§ **Provided information**
lemma gdist_attains:
  assumes "connected_graph V E" "u \<in> V" "v \<in> V" "k \<le> gdist E u v"
  obtains w where "w \<in> V" "gdist E u w = k"
proof -
  obtain w where w: "walk_len E u w k" "walk_len E w v (gdist E u v - k)"
    using walk_len_split[OF gdist_walk[OF assms(1-3)] assms(4)] by blast
  have "E a b \<Longrightarrow> b \<in> V" for a b
    using assms(1) unfolding connected_graph_def simple_graph_def by blast
  then have "w \<in> V" using walk_len_closed[of V E, OF _ assms(2) w(1)] by blast
  with gdist_triangle[OF assms(1,2) _ w(2)] gdist_le[OF w(1)] assms(4) that show thesis
    by force
qed

lemma diam_attained:
  assumes "connected_graph V E"
  obtains u v where "u \<in> V" "v \<in> V" "gdist E u v = diam V E"
proof -
  let ?D = "{gdist E u v | u v. u \<in> V \<and> v \<in> V}"
  have V: "finite V" "V \<noteq> {}" using assms by (auto simp: connected_graph_def simple_graph_def)
  have "?D = case_prod (gdist E) ` (V \<times> V)" by auto
  with V have "finite ?D" "?D \<noteq> {}" by simp_all
  then have "diam V E \<in> ?D" unfolding diam_def by (rule Max_in)
  then obtain u v where "u \<in> V" "v \<in> V" "diam V E = gdist E u v" by blast
  with that show thesis by simp
qed

lemma packing_if_gdist_spread:
  assumes "connected_graph V E" "u \<in> V" "W \<subseteq> V"
    and spread: "\<And>a b. \<lbrakk>a \<in> W; b \<in> W; a \<noteq> b\<rbrakk>
                   \<Longrightarrow> gdist E u a + 3 \<le> gdist E u b \<or> gdist E u b + 3 \<le> gdist E u a"
  shows "packing V E W"
  unfolding packing_def
proof (intro conjI ballI impI)
  fix a b assume ab: "a \<in> W" "b \<in> W" "a \<noteq> b"
  show "cnbhd V E a \<inter> cnbhd V E b = {}"
  proof (rule ccontr)
    assume "cnbhd V E a \<inter> cnbhd V E b \<noteq> {}"
    then obtain c where "c \<in> cnbhd V E a" "c \<in> cnbhd V E b" by blast
    with gdist_cnbhd[OF assms(1,2)] ab assms(3)
    have "gdist E u c \<le> gdist E u a + 1 \<and> gdist E u a \<le> gdist E u c + 1"
      "gdist E u c \<le> gdist E u b + 1 \<and> gdist E u b \<le> gdist E u c + 1" by auto
    with spread[OF ab] show False by linarith
  qed
qed (use assms(3) in auto)

lemma diametral_packing:
  assumes conn: "connected_graph V E"
  obtains W where "packing V E W" "card W = diam V E div 3 + 1"
    and "diam V E mod 3 = 2 \<Longrightarrow> \<exists>v\<in>V. \<forall>w\<in>W. v \<notin> cnbhd V E w"
proof -
  obtain u v where uv: "u \<in> V" "v \<in> V" "gdist E u v = diam V E"
    using diam_attained[OF conn] .
  define d where "d = diam V E"
  have "\<forall>k. \<exists>w. k \<le> d \<longrightarrow> w \<in> V \<and> gdist E u w = k"
    using gdist_attains[OF conn uv(1,2)] uv(3) d_def by metis
  then obtain layer where layer: "\<And>k. k \<le> d \<Longrightarrow> layer k \<in> V \<and> gdist E u (layer k) = k"
    by metis
  define W where "W = (\<lambda>k. layer (3 * k)) ` {..d div 3}"
  have W_gdist: "gdist E u ` W = (\<lambda>k. 3 * k) ` {..d div 3}"
    unfolding W_def image_image using layer by (intro image_cong) auto
  have W_V: "W \<subseteq> V" unfolding W_def using layer by auto
  have inj: "inj_on (gdist E u) W"
  proof (rule inj_onI)
    fix a b assume "a \<in> W" "b \<in> W" "gdist E u a = gdist E u b"
    then show "a = b" unfolding W_def using layer by auto
  qed
  have "packing V E W"
  proof (rule packing_if_gdist_spread[OF conn uv(1) W_V])
    fix a b assume ab: "a \<in> W" "b \<in> W" "a \<noteq> b"
    then have "gdist E u a \<noteq> gdist E u b" using inj by (auto dest: inj_onD)
    moreover have "gdist E u a \<in> (\<lambda>k. 3 * k) ` {..d div 3}" "gdist E u b \<in> (\<lambda>k. 3 * k) ` {..d div 3}"
      using ab W_gdist by blast+
    ultimately show "gdist E u a + 3 \<le> gdist E u b \<or> gdist E u b + 3 \<le> gdist E u a" by auto
  qed
  moreover have "card W = d div 3 + 1"
    using card_image[OF inj] W_gdist by (simp add: card_image inj_on_def)
  moreover have "\<forall>w\<in>W. v \<notin> cnbhd V E w" if "d mod 3 = 2"
  proof (intro ballI notI)
    fix w assume "w \<in> W" "v \<in> cnbhd V E w"
    then have "gdist E u v \<le> gdist E u w + 1" using gdist_cnbhd[OF conn uv(1)] W_V by blast
    moreover have "gdist E u w \<le> 3 * (d div 3)" using \<open>w \<in> W\<close> W_gdist by force
    moreover have "d = 3 * (d div 3) + 2" using that by presburger
    ultimately show False using uv(3) d_def by linarith
  qed
  ultimately show thesis using that uv(2) d_def by blast
qed

subsection \<open>The diametral bound\<close>

lemma is_K2_if_open_packing_all:
  assumes conn: "connected_graph V E" and two: "card V \<ge> 2" and op: "open_packing V E V"
  shows "is_K2 V E"
proof -
  have simple: "simple_graph V E" and "V \<noteq> {}"
    and reach: "\<And>u v. u \<in> V \<Longrightarrow> v \<in> V \<Longrightarrow> \<exists>n. walk_len E u v n"
    using conn by (auto simp: connected_graph_def)
  have inV: "\<And>p q. E p q \<Longrightarrow> p \<in> V \<and> q \<in> V" and irr: "\<And>p. \<not> E p p"
    and sym: "\<And>p q. E p q \<Longrightarrow> E q p"
    using simple by (auto simp: simple_graph_def)
  have unique_nbr: "a = b" if "E x a" "E x b" for x a b
  proof (rule ccontr)
    assume "a \<noteq> b"
    moreover have "x \<in> nbhd V E a \<inter> nbhd V E b" using that inV sym by (simp add: nbhd_def)
    moreover have "a \<in> V" "b \<in> V" using that inV by auto
    ultimately show False using op unfolding open_packing_def by blast
  qed
  obtain u where u: "u \<in> V" using \<open>V \<noteq> {}\<close> by blast
  have "\<not> V \<subseteq> {u}"
  proof
    assume "V \<subseteq> {u}"
    then have "card V \<le> card {u}" by (rule card_mono[rotated]) simp
    with two show False by simp
  qed
  then obtain v where v: "v \<in> V" "v \<noteq> u" by blast
  with reach[OF u] obtain n where "walk_len E u v n" by blast
  with v obtain w where uw: "E u w" by (cases n) auto
  have closed: "y \<in> {u, w}" if "x \<in> {u, w}" "E x y" for x y
  proof (cases "x = u")
    case True then show ?thesis using that unique_nbr[OF uw, of y] by simp
  next
    case False then show ?thesis using that unique_nbr[OF sym[OF uw], of y] by simp
  qed
  have "V \<subseteq> {u, w}"
  proof
    fix y assume "y \<in> V"
    with reach[OF u] obtain n where "walk_len E u y n" by blast
    with closed show "y \<in> {u, w}" by (intro walk_len_closed[of "{u, w}" E u y n]) simp_all
  qed
  with u inV[OF uw] have V: "V = {u, w}" by blast
  moreover have "u \<noteq> w" using uw irr by blast
  ultimately have "card V = 2" by simp
  moreover have "\<forall>a\<in>V. \<forall>b\<in>V. a \<noteq> b \<longrightarrow> E a b"
    unfolding V using uw sym[OF uw] by blast
  ultimately show ?thesis unfolding is_K2_def by (rule conjI)
qed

§ **Exercise requirements**
Set down the whole listing once more, exactly as it appears.

§ **Answer section**
lemma gdist_attains:
  assumes "connected_graph V E" "u \<in> V" "v \<in> V" "k \<le> gdist E u v"
  obtains w where "w \<in> V" "gdist E u w = k"
proof -
  obtain w where w: "walk_len E u w k" "walk_len E w v (gdist E u v - k)"
    using walk_len_split[OF gdist_walk[OF assms(1-3)] assms(4)] by blast
  have "E a b \<Longrightarrow> b \<in> V" for a b
    using assms(1) unfolding connected_graph_def simple_graph_def by blast
  then have "w \<in> V" using walk_len_closed[of V E, OF _ assms(2) w(1)] by blast
  with gdist_triangle[OF assms(1,2) _ w(2)] gdist_le[OF w(1)] assms(4) that show thesis
    by force
qed

lemma diam_attained:
  assumes "connected_graph V E"
  obtains u v where "u \<in> V" "v \<in> V" "gdist E u v = diam V E"
proof -
  let ?D = "{gdist E u v | u v. u \<in> V \<and> v \<in> V}"
  have V: "finite V" "V \<noteq> {}" using assms by (auto simp: connected_graph_def simple_graph_def)
  have "?D = case_prod (gdist E) ` (V \<times> V)" by auto
  with V have "finite ?D" "?D \<noteq> {}" by simp_all
  then have "diam V E \<in> ?D" unfolding diam_def by (rule Max_in)
  then obtain u v where "u \<in> V" "v \<in> V" "diam V E = gdist E u v" by blast
  with that show thesis by simp
qed

lemma packing_if_gdist_spread:
  assumes "connected_graph V E" "u \<in> V" "W \<subseteq> V"
    and spread: "\<And>a b. \<lbrakk>a \<in> W; b \<in> W; a \<noteq> b\<rbrakk>
                   \<Longrightarrow> gdist E u a + 3 \<le> gdist E u b \<or> gdist E u b + 3 \<le> gdist E u a"
  shows "packing V E W"
  unfolding packing_def
proof (intro conjI ballI impI)
  fix a b assume ab: "a \<in> W" "b \<in> W" "a \<noteq> b"
  show "cnbhd V E a \<inter> cnbhd V E b = {}"
  proof (rule ccontr)
    assume "cnbhd V E a \<inter> cnbhd V E b \<noteq> {}"
    then obtain c where "c \<in> cnbhd V E a" "c \<in> cnbhd V E b" by blast
    with gdist_cnbhd[OF assms(1,2)] ab assms(3)
    have "gdist E u c \<le> gdist E u a + 1 \<and> gdist E u a \<le> gdist E u c + 1"
      "gdist E u c \<le> gdist E u b + 1 \<and> gdist E u b \<le> gdist E u c + 1" by auto
    with spread[OF ab] show False by linarith
  qed
qed (use assms(3) in auto)

lemma diametral_packing:
  assumes conn: "connected_graph V E"
  obtains W where "packing V E W" "card W = diam V E div 3 + 1"
    and "diam V E mod 3 = 2 \<Longrightarrow> \<exists>v\<in>V. \<forall>w\<in>W. v \<notin> cnbhd V E w"
proof -
  obtain u v where uv: "u \<in> V" "v \<in> V" "gdist E u v = diam V E"
    using diam_attained[OF conn] .
  define d where "d = diam V E"
  have "\<forall>k. \<exists>w. k \<le> d \<longrightarrow> w \<in> V \<and> gdist E u w = k"
    using gdist_attains[OF conn uv(1,2)] uv(3) d_def by metis
  then obtain layer where layer: "\<And>k. k \<le> d \<Longrightarrow> layer k \<in> V \<and> gdist E u (layer k) = k"
    by metis
  define W where "W = (\<lambda>k. layer (3 * k)) ` {..d div 3}"
  have W_gdist: "gdist E u ` W = (\<lambda>k. 3 * k) ` {..d div 3}"
    unfolding W_def image_image using layer by (intro image_cong) auto
  have W_V: "W \<subseteq> V" unfolding W_def using layer by auto
  have inj: "inj_on (gdist E u) W"
  proof (rule inj_onI)
    fix a b assume "a \<in> W" "b \<in> W" "gdist E u a = gdist E u b"
    then show "a = b" unfolding W_def using layer by auto
  qed
  have "packing V E W"
  proof (rule packing_if_gdist_spread[OF conn uv(1) W_V])
    fix a b assume ab: "a \<in> W" "b \<in> W" "a \<noteq> b"
    then have "gdist E u a \<noteq> gdist E u b" using inj by (auto dest: inj_onD)
    moreover have "gdist E u a \<in> (\<lambda>k. 3 * k) ` {..d div 3}" "gdist E u b \<in> (\<lambda>k. 3 * k) ` {..d div 3}"
      using ab W_gdist by blast+
    ultimately show "gdist E u a + 3 \<le> gdist E u b \<or> gdist E u b + 3 \<le> gdist E u a" by auto
  qed
  moreover have "card W = d div 3 + 1"
    using card_image[OF inj] W_gdist by (simp add: card_image inj_on_def)
  moreover have "\<forall>w\<in>W. v \<notin> cnbhd V E w" if "d mod 3 = 2"
  proof (intro ballI notI)
    fix w assume "w \<in> W" "v \<in> cnbhd V E w"
    then have "gdist E u v \<le> gdist E u w + 1" using gdist_cnbhd[OF conn uv(1)] W_V by blast
    moreover have "gdist E u w \<le> 3 * (d div 3)" using \<open>w \<in> W\<close> W_gdist by force
    moreover have "d = 3 * (d div 3) + 2" using that by presburger
    ultimately show False using uv(3) d_def by linarith
  qed
  ultimately show thesis using that uv(2) d_def by blast
qed

subsection \<open>The diametral bound\<close>

lemma is_K2_if_open_packing_all:
  assumes conn: "connected_graph V E" and two: "card V \<ge> 2" and op: "open_packing V E V"
  shows "is_K2 V E"
proof -
  have simple: "simple_graph V E" and "V \<noteq> {}"
    and reach: "\<And>u v. u \<in> V \<Longrightarrow> v \<in> V \<Longrightarrow> \<exists>n. walk_len E u v n"
    using conn by (auto simp: connected_graph_def)
  have inV: "\<And>p q. E p q \<Longrightarrow> p \<in> V \<and> q \<in> V" and irr: "\<And>p. \<not> E p p"
    and sym: "\<And>p q. E p q \<Longrightarrow> E q p"
    using simple by (auto simp: simple_graph_def)
  have unique_nbr: "a = b" if "E x a" "E x b" for x a b
  proof (rule ccontr)
    assume "a \<noteq> b"
    moreover have "x \<in> nbhd V E a \<inter> nbhd V E b" using that inV sym by (simp add: nbhd_def)
    moreover have "a \<in> V" "b \<in> V" using that inV by auto
    ultimately show False using op unfolding open_packing_def by blast
  qed
  obtain u where u: "u \<in> V" using \<open>V \<noteq> {}\<close> by blast
  have "\<not> V \<subseteq> {u}"
  proof
    assume "V \<subseteq> {u}"
    then have "card V \<le> card {u}" by (rule card_mono[rotated]) simp
    with two show False by simp
  qed
  then obtain v where v: "v \<in> V" "v \<noteq> u" by blast
  with reach[OF u] obtain n where "walk_len E u v n" by blast
  with v obtain w where uw: "E u w" by (cases n) auto
  have closed: "y \<in> {u, w}" if "x \<in> {u, w}" "E x y" for x y
  proof (cases "x = u")
    case True then show ?thesis using that unique_nbr[OF uw, of y] by simp
  next
    case False then show ?thesis using that unique_nbr[OF sym[OF uw], of y] by simp
  qed
  have "V \<subseteq> {u, w}"
  proof
    fix y assume "y \<in> V"
    with reach[OF u] obtain n where "walk_len E u y n" by blast
    with closed show "y \<in> {u, w}" by (intro walk_len_closed[of "{u, w}" E u y n]) simp_all
  qed
  with u inV[OF uw] have V: "V = {u, w}" by blast
  moreover have "u \<noteq> w" using uw irr by blast
  ultimately have "card V = 2" by simp
  moreover have "\<forall>a\<in>V. \<forall>b\<in>V. a \<noteq> b \<longrightarrow> E a b"
    unfolding V using uw sym[OF uw] by blast
  ultimately show ?thesis unfolding is_K2_def by (rule conjI)
qed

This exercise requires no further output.